(* Let $r\ge 1$ be an integer, $\overline{x}\in\mathbb{R}^n$, and let $f:\mathbb{R}^n\to\mathbb{R}$ be of class $C^r$ on a neighbourhood of $\overline{x}$. Assume that $T^{r-1}f(\overline{x})$ is the constant polynomial $f(\overline{x})$, and that $\nabla\big(T^rf(\overline{x})\big)(x)=0$ if and only if $x=\overline{x}$. Then there exist $c>0$ and $\delta>0$ such that $$\|\nabla f(x)\|\ge c\,\|x-\overline{x}\|^{r-1}\quad\text{for all }x\in\mathbb{B}_\delta(\overline{x}).$$ Consequently: (a) $f$ has a local minimum at $\overline{x}$ if and only if $T^rf(\overline{x})$ has a local minimum at $\overline{x}$; and (b) if $f$ has a local minimum at $\overline{x}$, then there exists $\epsilon>0$ such that for every function $h:\mathbb{R}^n\to\mathbb{R}$ for which there is $\rho>0$ with $|h(x)-h(\overline{x})|\le\epsilon\,\|x-\overline{x}\|^r$ for all $x\in\mathbb{B}_\rho(\overline{x})$, the function $f+h$ has a local minimum at $\overline{x}$.
   Context: $\mathbb{B}_\delta(x)$ denotes the closed Euclidean ball of radius $\delta$ centered at $x$. We use the convention $t^0=1$ for all $t\ge 0$. For $k\le r$, $T^kf(\overline{x})$ denotes the $k$th Taylor polynomial of $f$ at $\overline{x}$: $T^kf(\overline{x})(x)=\sum_{j=0}^k\frac{1}{j!}\sum_{i_1,\dots,i_j=1}^n\frac{\partial^j f}{\partial x_{i_1}\cdots\partial x_{i_j}}(\overline{x})(x_{i_1}-\overline{x}_{i_1})\cdots(x_{i_j}-\overline{x}_{i_j})$. *)

theory Defs
  imports "HOL-Analysis.Analysis"
begin

definition pd :: "'n::finite \<Rightarrow> (real^'n \<Rightarrow> real) \<Rightarrow> real^'n \<Rightarrow> real" where
  "pd i g x = deriv (\<lambda>t. g (x + t *\<^sub>R axis i 1)) 0"

fun pds :: "'n::finite list \<Rightarrow> (real^'n \<Rightarrow> real) \<Rightarrow> real^'n \<Rightarrow> real" where
  "pds [] g = g"
| "pds (i # is) g = pd i (pds is g)"

definition Cr_on :: "nat \<Rightarrow> (real^'n::finite \<Rightarrow> real) \<Rightarrow> (real^'n) set \<Rightarrow> bool" where
  "Cr_on r f U \<longleftrightarrow> open U \<and>
     (\<forall>is i x. length is < r \<longrightarrow> x \<in> U \<longrightarrow>
        (\<lambda>t. pds is f (x + t *\<^sub>R axis i 1)) differentiable (at 0)) \<and>
     (\<forall>is. length is \<le> r \<longrightarrow> continuous_on U (pds is f))"

definition grad :: "(real^'n::finite \<Rightarrow> real) \<Rightarrow> real^'n \<Rightarrow> real^'n" where
  "grad g x = (\<chi> i. pd i g x)"

definition taylor :: "nat \<Rightarrow> (real^'n::finite \<Rightarrow> real) \<Rightarrow> real^'n \<Rightarrow> real^'n \<Rightarrow> real" where
  "taylor k f xb x = (\<Sum>j\<le>k. (1 / fact j) *
      (\<Sum>is\<in>{is :: 'n list. length is = j}.
          pds is f xb * (\<Prod>l<j. x $ (is ! l) - xb $ (is ! l))))"

definition local_min_at :: "(real^'n::finite \<Rightarrow> real) \<Rightarrow> real^'n \<Rightarrow> bool" where
  "local_min_at g xb \<longleftrightarrow> (\<exists>\<delta>>0. \<forall>x\<in>cball xb \<delta>. g xb \<le> g x)"

end

theory Submission
  imports Defs
begin

text \<open>
Write \<open>H(v) = d^r f(xb)[v,...,v] / r!\<close>; since the lower Taylor terms vanish,
\<open>T^r f(xb)(x) = f(xb) + H(x - xb)\<close>. By Schwarz's theorem the \<open>r\<close>-th partial derivatives at
\<open>xb\<close> are symmetric, so the gradient \<open>G\<close> of \<open>H\<close> is the form of degree \<open>r - 1\<close> built from
them, and \<open>G\<close> is also the leading Taylor term of \<open>grad f\<close>. Taylor's theorem with Peano
remainder gives \<open>f(x) = f(xb) + H(x - xb) + o(|x - xb|^r)\<close> and
\<open>grad f(x) = G(x - xb) + o(|x - xb|^(r-1))\<close>. As \<open>G\<close> vanishes only at \<open>0\<close>, homogeneity and
compactness of the unit sphere give \<open>|G(v)| >= c |v|^(r-1)\<close>, whence the gradient estimate.
If \<open>H >= 0\<close>, then \<open>H\<close> cannot vanish at some \<open>v /= 0\<close>, which would be a minimum of \<open>H\<close> with
\<open>G(v) /= 0\<close>; so \<open>H(v) >= c |v|^r\<close>, and this dominates both the remainder and every
perturbation \<open>h\<close> with \<open>|h(x) - h(xb)| <= (c/2) |x - xb|^r\<close>. If instead \<open>H(v) < 0\<close>, then
\<open>f(xb + t v) < f(xb)\<close> for small \<open>t > 0\<close>.
\<close>

section \<open>Homogeneous forms\<close>

definition tensor_form :: "('n::finite list \<Rightarrow> real) \<Rightarrow> nat \<Rightarrow> real^'n \<Rightarrow> real" where
  "tensor_form c m v = (\<Sum>ks\<in>{ks. length ks = m}. c ks * (\<Prod>l<m. v $ (ks ! l)))"

lemma finite_lists_of_length: "finite {ks :: 'n::finite list. length ks = m}"
  using finite_lists_length_eq[of "UNIV :: 'n set" m] by simp

lemma sum_lists_of_length_Suc:
  "(\<Sum>ks\<in>{ks :: 'n::finite list. length ks = Suc m}. F ks) = (\<Sum>a\<in>UNIV. \<Sum>ks\<in>{ks. length ks = m}. F (a # ks))"
proof -
  have lists: "{ks :: 'n list. length ks = Suc m} = (\<lambda>(a, ks). a # ks) ` (UNIV \<times> {ks. length ks = m})"
    by (auto simp: length_Suc_conv image_def)
  have "inj_on (\<lambda>(a, ks). a # ks) (UNIV \<times> {ks :: 'n list. length ks = m})"
    by (auto simp: inj_on_def)
  then show ?thesis
    unfolding lists by (simp add: sum.reindex sum.cartesian_product case_prod_unfold)
qed

lemma tensor_form_0 [simp]: "tensor_form c 0 v = c []"
  by (simp add: tensor_form_def)

lemma tensor_form_Suc:
  "tensor_form c (Suc m) v = (\<Sum>a\<in>UNIV. v $ a * tensor_form (\<lambda>ks. c (a # ks)) m v)"
  unfolding tensor_form_def sum_lists_of_length_Suc
  by (simp add: prod.lessThan_Suc_shift sum_distrib_left mult_ac del: prod.lessThan_Suc)

lemma tensor_form_scaleR: "tensor_form c m (t *\<^sub>R v) = t ^ m * tensor_form c m v"
  by (simp add: tensor_form_def prod.distrib sum_distrib_left mult_ac)

lemma continuous_on_tensor_form [continuous_intros]: "continuous_on S (tensor_form c m)"
  unfolding tensor_form_def by (intro continuous_intros)

lemma tensor_form_diff_le:
  fixes c1 c2 :: "'n::finite list \<Rightarrow> real"
  assumes "\<And>ks. length ks = m \<Longrightarrow> \<bar>c1 ks - c2 ks\<bar> \<le> e"
  shows "\<bar>tensor_form c1 m v - tensor_form c2 m v\<bar>
           \<le> real (card {ks :: 'n list. length ks = m}) * e * norm v ^ m"
proof -
  have monomial_le: "\<bar>\<Prod>l<m. v $ (ks ! l)\<bar> \<le> norm v ^ m" for ks
  proof -
    have "\<bar>\<Prod>l<m. v $ (ks ! l)\<bar> = (\<Prod>l<m. \<bar>v $ (ks ! l)\<bar>)"
      by (simp add: abs_prod)
    also have "\<dots> \<le> (\<Prod>l<m. norm v)"
      by (intro prod_mono) (auto simp: component_le_norm_cart)
    finally show ?thesis by simp
  qed
  have "\<bar>tensor_form c1 m v - tensor_form c2 m v\<bar>
      = \<bar>\<Sum>ks\<in>{ks. length ks = m}. (c1 ks - c2 ks) * (\<Prod>l<m. v $ (ks ! l))\<bar>"
    by (simp add: tensor_form_def sum_subtractf left_diff_distrib)
  also have "\<dots> \<le> (\<Sum>ks\<in>{ks. length ks = m}. \<bar>(c1 ks - c2 ks) * (\<Prod>l<m. v $ (ks ! l))\<bar>)"
    by (rule sum_abs)
  also have "\<dots> \<le> (\<Sum>ks\<in>{ks :: 'n list. length ks = m}. e * norm v ^ m)"
    unfolding abs_mult
    by (intro sum_mono mult_mono') (auto simp: assms monomial_le)
  finally show ?thesis by simp
qed

lemma sum_axis_mult: "(\<Sum>a\<in>UNIV. axis i (1::real) $ a * F a) = F i"
proof -
  have "axis i (1::real) $ a * F a = (if a = i then F a else 0)" for a
    by (simp add: axis_def)
  then show ?thesis by (simp add: sum.delta)
qed

definition symmetric_upto :: "nat \<Rightarrow> ('a list \<Rightarrow> 'b) \<Rightarrow> bool" where
  "symmetric_upto k c \<longleftrightarrow>
     (\<forall>p a b s. length p + length s + 2 \<le> k \<longrightarrow> c (p @ a # b # s) = c (p @ b # a # s))"

lemma symmetric_upto_mono: "symmetric_upto k c \<Longrightarrow> j \<le> k \<Longrightarrow> symmetric_upto j c"
  unfolding symmetric_upto_def by auto

lemma symmetric_upto_Cons:
  fixes c :: "'a list \<Rightarrow> 'b"
  assumes "symmetric_upto (Suc k) c"
  shows "symmetric_upto k (\<lambda>ks. c (a # ks))"
  unfolding symmetric_upto_def
proof (intro allI impI)
  fix p :: "'a list" and b b' :: 'a and s :: "'a list"
  assume "length p + length s + 2 \<le> k"
  then show "c (a # p @ b # b' # s) = c (a # p @ b' # b # s)"
    using assms[unfolded symmetric_upto_def, rule_format, of "a # p" s b b'] by simp
qed

lemma symmetric_upto_snoc_eq_Cons:
  "symmetric_upto k c \<Longrightarrow> length p < k \<Longrightarrow> c (p @ [a]) = c (a # p)"
proof (induction p arbitrary: c k)
  case Nil
  then show ?case by simp
next
  case (Cons x p)
  then obtain k' where k: "k = Suc k'" by (cases k) auto
  have "c (x # p @ [a]) = c (x # a # p)"
    using Cons.IH[of k' "\<lambda>ks. c (x # ks)"] symmetric_upto_Cons[of k' c x] Cons.prems k by simp
  also have "\<dots> = c (a # x # p)"
    using Cons.prems(1)[unfolded symmetric_upto_def, rule_format, of "[]" p x a] Cons.prems(2)
    by simp
  finally show ?case by simp
qed

text \<open>Symmetry of \<open>c\<close> moves the differentiated index from the front of the list to its end.\<close>

lemma tensor_form_has_derivative_axis:
  fixes c :: "'n::finite list \<Rightarrow> real"
  assumes "symmetric_upto (Suc m) c"
  shows "((\<lambda>s. tensor_form c (Suc m) (v + s *\<^sub>R axis i 1)) has_field_derivative
            real (Suc m) * tensor_form (\<lambda>ks. c (ks @ [i])) m v) (at 0)"
  using assms
proof (induction m arbitrary: c)
  case 0
  have "((\<lambda>s. tensor_form c 1 (v + s *\<^sub>R axis i 1)) has_field_derivative
          (\<Sum>a\<in>UNIV. axis i 1 $ a * c [a])) (at 0)"
    unfolding One_nat_def tensor_form_Suc
    by (auto intro!: derivative_eq_intros)
  then show ?case
    by (simp add: sum_axis_mult)
next
  case (Suc m)
  have IH: "((\<lambda>s. tensor_form (\<lambda>ks. c (a # ks)) (Suc m) (v + s *\<^sub>R axis i 1)) has_field_derivative
       real (Suc m) * tensor_form (\<lambda>ks. c (a # ks @ [i])) m v) (at 0)" for a
    using Suc.IH[of "\<lambda>ks. c (a # ks)"] symmetric_upto_Cons[OF Suc.prems] by simp
  have "((\<lambda>s. tensor_form c (Suc (Suc m)) (v + s *\<^sub>R axis i 1)) has_field_derivative
       (\<Sum>a\<in>UNIV. axis i 1 $ a * tensor_form (\<lambda>ks. c (a # ks)) (Suc m) v
          + v $ a * (real (Suc m) * tensor_form (\<lambda>ks. c (a # ks @ [i])) m v))) (at 0)"
    unfolding tensor_form_Suc[of c "Suc m"]
    by (intro DERIV_sum DERIV_cong[OF DERIV_mult[OF _ IH]])
       (auto intro!: derivative_eq_intros)
  moreover have "(\<Sum>a\<in>UNIV. axis i 1 $ a * tensor_form (\<lambda>ks. c (a # ks)) (Suc m) v
          + v $ a * (real (Suc m) * tensor_form (\<lambda>ks. c (a # ks @ [i])) m v))
      = tensor_form (\<lambda>ks. c (i # ks)) (Suc m) v + real (Suc m) * tensor_form (\<lambda>ks. c (ks @ [i])) (Suc m) v"
    by (simp add: sum.distrib sum_axis_mult tensor_form_Suc[of "\<lambda>ks. c (ks @ [i])" m]
        sum_distrib_left mult_ac)
  moreover have "tensor_form (\<lambda>ks. c (i # ks)) (Suc m) v = tensor_form (\<lambda>ks. c (ks @ [i])) (Suc m) v"
    unfolding tensor_form_def
    by (intro sum.cong refl) (simp add: symmetric_upto_snoc_eq_Cons[OF Suc.prems])
  ultimately show ?case
    by (simp add: algebra_simps)
qed

section \<open>Partial derivatives of \<open>C\<^sup>r\<close> functions\<close>

lemma pds_append: "pds (xs @ ys) g = pds xs (pds ys g)"
  by (induction xs) auto

lemma Cr_on_pds:
  assumes "Cr_on r f U" and "length ks + k \<le> r"
  shows "Cr_on k (pds ks f) U"
  using assms unfolding Cr_on_def pds_append[symmetric] by auto

lemma Cr_on_open: "Cr_on r f U \<Longrightarrow> open U"
  by (simp add: Cr_on_def)

lemma Cr_on_continuous_on_pds: "Cr_on r f U \<Longrightarrow> length ks \<le> r \<Longrightarrow> continuous_on U (pds ks f)"
  by (simp add: Cr_on_def)

lemma Cr_on_1_has_field_derivative_pd:
  assumes "Cr_on 1 g U" and "z + t *\<^sub>R axis i 1 \<in> U"
  shows "((\<lambda>t. g (z + t *\<^sub>R axis i 1)) has_field_derivative pd i g (z + t *\<^sub>R axis i 1)) (at t)"
proof -
  define y where "y = z + t *\<^sub>R axis i 1"
  have "(\<lambda>s. g (y + s *\<^sub>R axis i 1)) differentiable (at 0)"
    using assms by (auto simp: Cr_on_def y_def)
  then have "((\<lambda>s. g (y + s *\<^sub>R axis i 1)) has_field_derivative pd i g y) (at 0)"
    unfolding pd_def using DERIV_deriv_iff_real_differentiable by blast
  moreover have "(\<lambda>s. g (y + s *\<^sub>R axis i 1)) = (\<lambda>s. g (z + (s + t) *\<^sub>R axis i 1))"
    by (simp add: y_def scaleR_add_left algebra_simps)
  ultimately have "((\<lambda>t. g (z + t *\<^sub>R axis i 1)) has_field_derivative pd i g y) (at (0 + t))"
    unfolding DERIV_shift by simp
  then show ?thesis by (simp add: y_def)
qed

#####

# What is needed
Using the records above, select and copy every line that has the word "arbitrary".

# Task response
proof (induction p arbitrary: c k)
proof (induction m arbitrary: c)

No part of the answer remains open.